Положив трубку, Гольст снова вернулся к допросу. По словам Брендючкова, первое время – недели две-три– Дунайский очень переживал. Но постепенно успокоился. Во всяком случае, внешне. Это совпадало и с показаниями сестры убитой.
На всякий случай Георгий Робертович взял у Ипполита Васильевича адрес племянника.
Вернулся Яша Поляков, ездивший с повесткой за врачом Бориным. Тот, как выяснилось, срочно выехал в область, на сложную операцию. Составленный ранее план Гольсту приходилось корректировать на ходу.

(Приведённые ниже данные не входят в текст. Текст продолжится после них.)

lemma endpoints_append_common:
  assumes "length p1 = length p2" "p1 \<noteq> p2" "p1 \<noteq> []"
    and "v \<in> endpoints (p1 @ r1)" "v \<in> endpoints (p2 @ r2)"
  shows "v \<in> endpoints p1 \<and> v \<in> endpoints p2"
proof -
  have p2: "p2 \<noteq> []" using assms by auto
  have "\<not> (prefix p1 (fst v) \<and> prefix p2 (fst v))"
    using prefix_length_prefix[of p1 "fst v" p2] assms(1,2) prefix_length_eq by auto
  moreover have "\<not> (prefix p1 (fst v) \<and> v \<in> endpoints p2)"
    using endpoint_label_shorter[OF p2] prefix_length_le assms(1) by fastforce
  moreover have "\<not> (prefix p2 (fst v) \<and> v \<in> endpoints p1)"
    using endpoint_label_shorter[OF assms(3)] prefix_length_le assms(1) by fastforce
  ultimately show ?thesis
    using endpoints_append_cases[OF assms(3,4)] endpoints_append_cases[OF p2 assms(5)] by blast
qed

lemma is_loop_iff: "is_loop RS w \<longleftrightarrow> src w = tgt w"
  by (simp add: is_loop_def src_def tgt_def)

lemma src_eq_tgt_snoc_iff:
  assumes "w \<noteq> []" "z \<in> arcs R"
  shows "src (w @ [z]) = tgt (w @ [z]) \<longleftrightarrow> tail R z = head R z"
proof -
  have "length (fst (src w)) < length w" "length (fst (tgt w)) < length w"
    using endpoint_label_shorter[OF assms(1)] by (auto simp: endpoints_def)
  then have "src w \<noteq> (w, x)" "tgt w \<noteq> (w, x)" for x by (metis fst_conv less_irrefl)+
  then show ?thesis
    using ini_ter_not_adjacent[OF assms(2)] ini_neq_ter
    unfolding src_snoc[OF assms(1)] tgt_snoc[OF assms(1)] glued_def
    by (auto split: if_splits dest: sym)
qed

section \<open>The equivalence relation on sequences\<close>

lemma omrel_iff: "(\<omega>, \<omega>') \<in> omrel RS \<longleftrightarrow> \<omega> \<in> Omega RS \<and> \<omega>' \<in> Omega RS \<and>
   (\<forall>n. endpoints (pref \<omega> n) \<inter> endpoints (pref \<omega>' n) \<noteq> {})"
  unfolding omrel_def ends_def endpoints_def src_def tgt_def by simp

lemma omrel_refl: "\<omega> \<in> Omega RS \<Longrightarrow> (\<omega>, \<omega>) \<in> omrel RS"
  unfolding omrel_iff endpoints_def by auto

lemma omrel_sym: "(\<omega>, \<omega>') \<in> omrel RS \<Longrightarrow> (\<omega>', \<omega>) \<in> omrel RS"
  unfolding omrel_iff by auto

lemma glued_old_vertex: "w \<noteq> [] \<Longrightarrow> glued w r \<in> endpoints w \<Longrightarrow> r = \<iota> \<or> r = \<tau>"
  using endpoint_label_shorter[of w "glued w r"] unfolding glued_def by (auto split: if_splits)
definition dop_vanishes_upto :: "nat \<Rightarrow> 'i dop \<Rightarrow> bool" where
  "dop_vanishes_upto N A \<longleftrightarrow> (\<forall>i. eser_vanishes_upto N (A i))"

lemma dop_vanishes_upto_comp:
  assumes "dop_vanishes_upto N A \<or> dop_vanishes_upto N B"
  shows "dop_vanishes_upto N (dop_comp e A B)"
proof -
  have "(edx e ^^ k) F j = ser_zero" if "F j = ser_zero" for F :: "'a eser" and k j
    using that by (induction k) (simp_all add: edx_def ser_dx_zero)
  then show ?thesis using assms
    by (auto simp: dop_vanishes_upto_def eser_vanishes_upto_def dop_comp_def emult_def ser_mult_def
        ser_zero_def fun_eq_iff)
qed

lemma dop_vanishes_upto_Ksummand:
  assumes "eser_vanishes_upto N (ederiv (\<mu>, p) (w \<alpha>)) \<or> eser_vanishes_upto N (ederiv (\<nu>, q) (w \<beta>))"
  shows "dop_vanishes_upto N (Ksummand e \<eta> w \<alpha> \<beta> (p, q, \<mu>, \<nu>))"
proof -
  have "dop_vanishes_upto N (dop_mul a)" if "eser_vanishes_upto N a" for a :: "'a eser"
    using that by (simp add: dop_vanishes_upto_def dop_mul_def eser_vanishes_upto_def ezero_def ser_zero_def)
  then show ?thesis using assms unfolding Ksummand_def prod.case
    by (blast intro: dop_vanishes_upto_comp)
qed

definition dop_order_le :: "nat \<Rightarrow> 'i dop \<Rightarrow> bool" where
  "dop_order_le N A \<longleftrightarrow> (\<forall>j>N. A j = ezero)"

lemma dop_order_le_comp:
  assumes A: "dop_order_le NA A" and B: "dop_order_le NB B"
  shows "dop_order_le (NA + NB) (dop_comp e A B)"
  unfolding dop_order_le_def
proof (intro allI impI)
  fix i assume i: "NA + NB < i"
  have edx_zero: "(edx e ^^ k) ezero = ezero" for k :: nat
    by (induction k) (simp_all add: edx_def ezero_def ser_dx_zero[unfolded ser_zero_def])
  have "emult (A j) ((edx e ^^ (j - l)) (B (i - l))) = ezero"
    if "A j \<noteq> ezero" "l \<in> {..min j i}" for j l
  proof -
    have "j \<le> NA" using A that(1) by (meson dop_order_le_def leI)
    then have "B (i - l) = ezero" using B i that(2) by (auto simp: dop_order_le_def)
    then have "(edx e ^^ (j - l)) (B (i - l)) = ezero" by (simp add: edx_zero)
    then show ?thesis by (simp add: emult_def ezero_def ser_mult_def fun_eq_iff)
  qed
  then show "dop_comp e A B i = ezero"
    unfolding dop_comp_def by (simp add: ezero_def fun_eq_iff)
qed

lemma dop_order_le_mul: "dop_order_le 0 (dop_mul a)"
  by (simp add: dop_order_le_def dop_mul_def)

lemma dop_order_le_scale_D: "dop_order_le 1 (dop_scale c dop_D)"
  by (simp add: dop_order_le_def dop_D_def dop_scale_def escale_def ezero_def fun_eq_iff)


text \<open>At \<open>\<epsilon>\<^sup>0\<close> all coefficients are constants, which \<open>\<partial>\<^sub>x\<close> kills, so only the leading
  Leibniz term survives.\<close>

lemma dop_comp_const_term:
  assumes "dop_order_le NA A" and "vx_negative_dop e A" and "vx_negative_dop e B"
  shows "dop_comp e A B i 0 {#} = (\<Sum>j\<le>i. A j 0 {#} * B (i - j) 0 {#})"
proof -
  let ?J = "{j. A j \<noteq> ezero}"
  have A: "ser_const (A j 0)" and B: "ser_const (B j 0)" for j
    using assms(2,3) by (simp_all add: vx_negative_dop_def vx_negative_eser_def)
  have "?J \<subseteq> {..NA}" using assms(1) by (auto simp: dop_order_le_def not_le[symmetric])
  then have finJ: "finite ?J" by (rule finite_subset) simp
  have inner: "(\<Sum>l\<in>{..min j i}. of_nat (j choose l) * emult (A j) ((edx e ^^ (j - l)) (B (i - l))) 0 {#})
      = (if j \<le> i then A j 0 {#} * B (i - j) 0 {#} else 0)" for j
  proof -
    have "of_nat (j choose l) * emult (A j) ((edx e ^^ (j - l)) (B (i - l))) 0 {#}
        = (if l = j then A j 0 {#} * B (i - j) 0 {#} else 0)" if l: "l \<in> {..min j i}" for l
    proof -
      have "(edx e ^^ k) F 0 = (ser_dx e ^^ k) (F 0)" for k and F :: "'a eser"
        by (induction k) (simp_all add: edx_def)
      then have "emult (A j) ((edx e ^^ (j - l)) (B (i - l))) 0 {#}
          = A j 0 {#} * (ser_dx e ^^ (j - l)) (B (i - l) 0) {#}"
        using A by (simp add: emult_def ser_mult_const_left)
      then show ?thesis
        using B l by (cases "l = j") (simp_all add: ser_dx_pow_const ser_zero_def)
    qed
    then show ?thesis by (simp add: sum.delta)
  qed
  have "dop_comp e A B i 0 {#} = (\<Sum>j\<in>?J. if j \<le> i then A j 0 {#} * B (i - j) 0 {#} else 0)"
    unfolding dop_comp_def inner by (rule refl)
  also have "\<dots> = (\<Sum>j\<in>?J \<inter> {..i}. A j 0 {#} * B (i - j) 0 {#})"
    by (subst sum.inter_restrict[OF finJ]) simp
  also have "\<dots> = (\<Sum>j\<le>i. A j 0 {#} * B (i - j) 0 {#})"
  proof (rule sum.mono_neutral_left)
    show "\<forall>j\<in>{..i} - ?J \<inter> {..i}. A j 0 {#} * B (i - j) 0 {#} = 0"
      by (auto simp: ezero_def)
  qed auto
  finally show ?thesis .
qed

lemma sum_delta_convolution:
  fixes i p q :: nat and x y :: "'a::semiring_0"
  shows "(\<Sum>j\<le>i. (if j = p then x else 0) * (if i - j = q then y else 0))
    = (if i = p + q then x * y else 0)"
proof -
  have "(\<Sum>j\<le>i. (if j = p then x else 0) * (if i - j = q then y else 0))
      = (\<Sum>j\<le>i. if j = p then (if i - p = q then x * y else 0) else 0)"
    by (rule sum.cong) auto
  also have "\<dots> = (if i = p + q then x * y else 0)"
    by (subst sum.delta) auto
  finally show ?thesis .
qed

Георгий Робертович попросил Брендючкова, как и предыдущую свидетельницу, ознакомиться с протоколом в соседней комнате. С ним пошел практикант.
Гольст позвонил к Зенкевичу.
– Дунайский еще у тебя? – спросил он.
– Разумеется,– спокойно ответил Зенкевич.– Заканчиваем минут через пять.
– Отлично. Сразу проводи его ко мне. Сам, понял? Передашь из рук в руки.
– Идет,– так же невозмутимо сказал его коллега.
Затем Гольст позвонил и вызвал конвой с «воронком». Последний звонок перед трудным разговором – звонок секретарю. Чтобы через пятнадцать минут отмстили повестки и отпустили Жарикову с Брендючковым, а также студентов-практикантов. То, что допрос предстоял очень трудный, Георгий Робертович понимал со всей отчетливостью.